◆ REQUIRED ACTION: Write out, word for word, the first line of the data below and every line after it through the one containing "points are finitely".

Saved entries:
----

(* Let $r,d$ be positive integers with $n=(r+1)d\geq 3$. Then $\Delta_d^t\left(C_{(r+1)d}^r\right)\simeq\mathbb{S}^{r-1}$.
   Context: All graphs are finite and simple; $\alpha(G)$ is the independence number and $G[S]$ the induced subgraph on $S$. $\Delta_d^t(G)=\{\sigma\subseteq V(G):\ \alpha(G[V(G)\setminus\sigma])\geq d\}$. $C_n$ is the cycle on $\{1,\dots,n\}$ with edges $\{i,i+1\}$ and $\{1,n\}$; $C_n^r$ is the graph on the same vertices where distinct vertices are adjacent iff their distance in $C_n$ is at most $r$. *)

theory Defs
  imports "HOL-Analysis.Analysis"
begin

definition independent :: "('a \<Rightarrow> 'a \<Rightarrow> bool) \<Rightarrow> 'a set \<Rightarrow> bool" where
  "independent E I \<longleftrightarrow> (\<forall>x\<in>I. \<forall>y\<in>I. \<not> E x y)"

definition indep_num :: "('a \<Rightarrow> 'a \<Rightarrow> bool) \<Rightarrow> 'a set \<Rightarrow> nat" where
  "indep_num E S = Max {card I | I. I \<subseteq> S \<and> independent E I}"

definition Delta_t :: "nat \<Rightarrow> 'a set \<Rightarrow> ('a \<Rightarrow> 'a \<Rightarrow> bool) \<Rightarrow> 'a set set" where
  "Delta_t d V E = {\<sigma>. \<sigma> \<subseteq> V \<and> indep_num E (V - \<sigma>) \<ge> d}"

definition cycdist :: "nat \<Rightarrow> nat \<Rightarrow> nat \<Rightarrow> nat" where
  "cycdist n i j = min (if i \<le> j then j - i else i - j) (n - (if i \<le> j then j - i else i - j))"

definition cycpow_edge :: "nat \<Rightarrow> nat \<Rightarrow> nat \<Rightarrow> nat \<Rightarrow> bool" where
  "cycpow_edge n r i j \<longleftrightarrow> i \<in> {1..n} \<and> j \<in> {1..n} \<and> i \<noteq> j \<and> cycdist n i j \<le> r"

text \<open>Geometric realization of an abstract simplicial complex K on vertices of type 'a:
  points are finitely supported nonnegative weight functions summing to 1 whose
  support is a face of K, with the topology inherited from the product topology.\<close>
definition geom_real :: "'a set set \<Rightarrow> ('a \<Rightarrow> real) set" where
  "geom_real K = {f. (\<forall>i. 0 \<le> f i) \<and> {i. f i \<noteq> 0} \<in> K \<and> finite {i. f i \<noteq> 0}
                     \<and> sum f {i. f i \<noteq> 0} = 1}"

definition geom_real_top :: "'a set set \<Rightarrow> ('a \<Rightarrow> real) topology" where
  "geom_real_top K = subtopology (powertop_real UNIV) (geom_real K)"

end

theory Submission
  imports Defs
begin

(* The residue classes mod r+1 of the vertices of C_{(r+1)d}^r are independent sets of size d.
   Conversely an independent set of size at least d meets each block of r+1 consecutive
   vertices exactly once, and the gaps (including the one across the wrap-around) force
   these vertices to be equally spaced, i.e. to form a residue class. Hence the faces of
   Delta_d^t are exactly the vertex sets missing some residue class. Summing the weights of
   each class maps the realisation onto the boundary of the r-simplex; spreading them
   uniformly back is a section, and the straight-line homotopy from spread-after-sum to the
   identity keeps the missing class empty. Finally, radial projection from the barycentre
   identifies the boundary of the r-simplex with the (r-1)-sphere. *)

section \<open>Complexes of vertex sets missing a colour\<close>

definition missing_colour_complex :: "'a set \<Rightarrow> ('a \<Rightarrow> nat) \<Rightarrow> nat \<Rightarrow> 'a set set" where
  "missing_colour_complex V c r = {\<sigma>. \<sigma> \<subseteq> V \<and> (\<exists>j\<le>r. j \<notin> c ` \<sigma>)}"

definition simplex_boundary :: "nat \<Rightarrow> (nat \<Rightarrow> real) set" where
  "simplex_boundary n =
     {x. (\<forall>i. 0 \<le> x i) \<and> (\<forall>i>n. x i = 0) \<and> sum x {..n} = 1 \<and> (\<exists>j\<le>n. x j = 0)}"

definition colour_mass :: "'a set \<Rightarrow> ('a \<Rightarrow> nat) \<Rightarrow> ('a \<Rightarrow> real) \<Rightarrow> nat \<Rightarrow> real" where
  "colour_mass V c f j = sum f {v \<in> V. c v = j}"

----

◆ SOLUTION TO THIS EXERCISE:
(* Let $r,d$ be positive integers with $n=(r+1)d\geq 3$. Then $\Delta_d^t\left(C_{(r+1)d}^r\right)\simeq\mathbb{S}^{r-1}$.
   Context: All graphs are finite and simple; $\alpha(G)$ is the independence number and $G[S]$ the induced subgraph on $S$. $\Delta_d^t(G)=\{\sigma\subseteq V(G):\ \alpha(G[V(G)\setminus\sigma])\geq d\}$. $C_n$ is the cycle on $\{1,\dots,n\}$ with edges $\{i,i+1\}$ and $\{1,n\}$; $C_n^r$ is the graph on the same vertices where distinct vertices are adjacent iff their distance in $C_n$ is at most $r$. *)

theory Defs
  imports "HOL-Analysis.Analysis"
begin

definition independent :: "('a \<Rightarrow> 'a \<Rightarrow> bool) \<Rightarrow> 'a set \<Rightarrow> bool" where
  "independent E I \<longleftrightarrow> (\<forall>x\<in>I. \<forall>y\<in>I. \<not> E x y)"

definition indep_num :: "('a \<Rightarrow> 'a \<Rightarrow> bool) \<Rightarrow> 'a set \<Rightarrow> nat" where
  "indep_num E S = Max {card I | I. I \<subseteq> S \<and> independent E I}"

definition Delta_t :: "nat \<Rightarrow> 'a set \<Rightarrow> ('a \<Rightarrow> 'a \<Rightarrow> bool) \<Rightarrow> 'a set set" where
  "Delta_t d V E = {\<sigma>. \<sigma> \<subseteq> V \<and> indep_num E (V - \<sigma>) \<ge> d}"

definition cycdist :: "nat \<Rightarrow> nat \<Rightarrow> nat \<Rightarrow> nat" where
  "cycdist n i j = min (if i \<le> j then j - i else i - j) (n - (if i \<le> j then j - i else i - j))"

definition cycpow_edge :: "nat \<Rightarrow> nat \<Rightarrow> nat \<Rightarrow> nat \<Rightarrow> bool" where
  "cycpow_edge n r i j \<longleftrightarrow> i \<in> {1..n} \<and> j \<in> {1..n} \<and> i \<noteq> j \<and> cycdist n i j \<le> r"

text \<open>Geometric realization of an abstract simplicial complex K on vertices of type 'a:
  points are finitely supported nonnegative weight functions summing to 1 whose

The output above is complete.